Publicação reúne 20 histórias do escritor Dashiell Hammett

Coletânea traz contos atípicos

BIA ABRAMO
ESPECIAL PARA A FOLHA

É duro falar de um ícone da cultura pop como Dashiell Hammett sem repetir os clichês de sempre -"renovador do gênero", "a escrita dura das ru- as"- , portanto vamos direto ao ponto.
"Tiros na Noite" (não dá para entender exatamente porque o título original, "Nightmare Town", foi mudado) reúne 20 contos mais ou menos raros do escritor norte-americano.
São histórias escritas entre as décadas de 20 e 30, a maioria delas publicada nas revistas baratas para as quais Hammett destinou boa parte de sua produção.
Coletâneas desse tipo, ainda por cima quando são lançadas próximas a efemérides ("edição em homenagem aos 40 anos da morte do escritor", anuncia a capa do livro), costumam ser mais adequadas para fãs ardorosos do que para o público em geral.
"Tiros na Noite" fica numa espécie de meio caminho. Não exatamente a raspa do tacho, mas não chega a constituir leitura imprescindível.
Há sim uns tantos contos abaixo da média do escritor, cuja leitura só deve interessar aos aficionados.
Por exemplo, "Um Homem Chamado Thin", em que Hammett surpreendentemente mimetiza a tradição inglesa e aristocrática da história de mistério. Inventa um protagonista "sensível", dado a um hobby do espírito (mau) poeta, que descobre os culpados de um assalto por uma incongruência mínima no depoimento de um deles.
Em tudo o conto lembra Conan Doyle, mas, se o inglês tira graça justamente ao exagerar a excentricidade e a argúcia de Sherlock Holmes, a trama e o personagem de Hammett simplesmente soam inverossímeis, e o "tour de force" do raciocínio, lerdo.
Ao lado deles, entretanto, a compilação traz tanto histórias em que Hammett experimenta (com sucesso) formatos que não são o seu habitual como (bons) exemplos do estilo que o consagrou.
Nessas histórias mais desviantes, percebe-se o quanto a lenda e o culto pop são capazes de obscurecer o escritor real. O culto, que sempre lista as profissões diversas que Hammett teve antes de tornar-se escritor, inclusive e sobretudo o fato de ele ter sido de fato um detetive, nos dá a impressão de um escritor quase espontâneo, que levou apenas sua experiência real para a máquina de escrever (além do copo de bourbon, claro).
Pois bem, Hammett leu e bastante.

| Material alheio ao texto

(* For terms $L,M$ of the CCV $\lambda\mu$-calculus, if $L=_{ccv}M$ then $[\![L]\!]=[\![M]\!]$ with respect to $\beta\eta$-equality of the $\lambda$-calculus.
   Context: CCV $\lambda\mu$-calculus. Ordinary variables $x,y,z,\dots$ and continuation variables $k,l,\dots$ are disjoint. Terms $M ::= x \mid \lambda x.M \mid MM \mid (M\ \mathsf{where}\ x:=M) \mid \mu k.J$, jumps $J ::= [k]M \mid (J\ \mathsf{where}\ x:=M)$, where $(L\ \mathsf{where}\ x:=M)$ means $\mathsf{let}\ x=M\ \mathsf{in}\ L$ ($x$ bound in $L$ only). Terms are identified up to $\alpha$-conversion and the congruence generated by (E1) $(L\ \mathsf{where}\ x:=(M\ \mathsf{where}\ y:=N))=((L\ \mathsf{where}\ x:=M)\ \mathsf{where}\ y:=N)$ if $y$ not free in $L$; (E2) $((\mu k.J)\ \mathsf{where}\ x:=M)=\mu k.(J\ \mathsf{where}\ x:=M)$ if $k$ not free in $M$; (E3) $[k](L\ \mathsf{where}\ x:=M)=([k]L\ \mathsf{where}\ x:=M)$. Values $V$: variables and $\lambda$-abstractions; $N$ a non-value. $=_{ccv}$ is the smallest congruence containing ($z$ fresh): $NM\to(zM\ \mathsf{where}\ z:=N)$; $VN\to(Vz\ \mathsf{where}\ z:=N)$; $(\lambda x.M)V\to(M\ \mathsf{where}\ x:=V)$; $(M\ \mathsf{where}\ x:=V)\to M\{V/x\}$; $(M\ \mathsf{where}\ x:=\mu k.J)\to\mu k.J\{[k]\square\mapsto[k](M\ \mathsf{where}\ x:=\square)\}$; $[l]\mu k.J\to J\{l/k\}$; $\lambda x.Vx\to V$ ($x$ not free in $V$); $(x\ \mathsf{where}\ x:=M)\to M$; $\mu k.[k]M\to M$ ($k$ not free in $M$); the context substitution replaces recursively each subjump $[k]Q$ with $k$ free by $[k](M\ \mathsf{where}\ x:=Q)$, and $J\{l/k\}$ replaces each such $[k]Q$ by $[l]Q$. CPS translation into the $\lambda$-calculus (fresh bound variables, $K$ a $\lambda$-term): $\langle V\rangle[K]=KV^*$; $\langle V_1V_2\rangle[K]=V_1^*V_2^*K$; $\langle VN\rangle[K]=\langle N\rangle[\lambda y.V^*yK]$; $\langle NV\rangle[K]=\langle N\rangle[\lambda x.xV^*K]$; $\langle N_1N_2\rangle[K]=\langle N_1\rangle[\lambda x.\langle N_2\rangle[\lambda y.xyK]]$; $\langle (L\ \mathsf{where}\ x:=M)\rangle[K]=\langle M\rangle[\lambda x.\langle L\rangle[K]]$ (renaming $x$ if free in $K$); $\langle\mu k.J\rangle[K]=(\lambda k.\langle J\rangle)K$; $\langle[k]M\rangle=\langle M\rangle[k]$; $\langle (J\ \mathsf{where}\ x:=M)\rangle=\langle M\rangle[\lambda x.\langle J\rangle]$; $x^*=x$; $(\lambda x.M)^*=\lambda xk.\langle M\rangle[k]$; $[\![M]\!]=\lambda k.\langle M\rangle[k]$, computed from any syntax-tree representative. *)

theory Defs
  imports Main
begin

Em "Quem Matou Dan Odams", percebem-se claramente ecos da desolação geográfica e social que eram os temas caros a Jack London. "O Anjo do Segundo Andar" brinca abertamente com a paródia e um certo clima bufo, quase próximo das peripécias do "Tom Jones" de Henry Fielding. "A Mulher do Bandido" tenta uma exploração psicológica que lembra Sinclair Lewis.
Esses indícios também sugerem que, apesar de tirar seu sustento e fama das histórias de detetive e de ter catapultado o policial a um patamar ético e estético menos chão, Hammett tinha um plano literário mais ambicioso do que o que as "pulp magazines" ou Hollywood, que transpôs a atmosfera sombria do "hard boiled" de Hammett com mestria em filmes como "O Falcão Maltês", poderiam conter.
Hammett, entretanto, não realizaria tal projeto literário. Pena, pois os exemplos contidos na compilação abrem alguns caminhos promissores, onde uma certa diversidade, sobretudo de ambientação, e a baliza da narração seca teriam formado uma dupla bacana. Mas ele parou em "A Ceia dos Acusados".
Uma primeira (e ótima, diga-se de passagem) versão do que viria a ser seu último livro está na coletânea, ainda sem a dupla de detetives elegantes e sofisticados Nick & Nora, que os hammettianos mais duros consideram já um sintoma da má influência que a grana de Hollywood e Lillian Hellman estariam exercendo sobre o escritor -por sinal, a mulher-malvada-que-emperra-a-criatividade-do-cara-talentoso é outro velho clássico da cultura pop, vide Lennon & Yoko, Cobain & Love.
Noves fora, "Tiros na Noite" instrui e diverte: as narrativas ágeis, plenas de um niilismo charmoso e uma certa agudeza no olhar para realidades urbanas tornando-se definitivamente modernas e decididamente violentas, estão lá, ao lado de uns tantos Hammetts desviantes, atípicos, material para quem gosta de olhar pelas frestas.



Tiros na Noite
Nightmare Town
  
Autor: Dashiell Hammett
Tradutores: Alexandre Raposo, Heloisa Seixas, Ivanir Calado, Luiz Antonio Aguiar, Marcos Santarrita, Rafael Cardoso, Roberto Mugiatti, Rubem Mauro Machado
Editora: Record
Quanto: R$ 50 (544 págs.)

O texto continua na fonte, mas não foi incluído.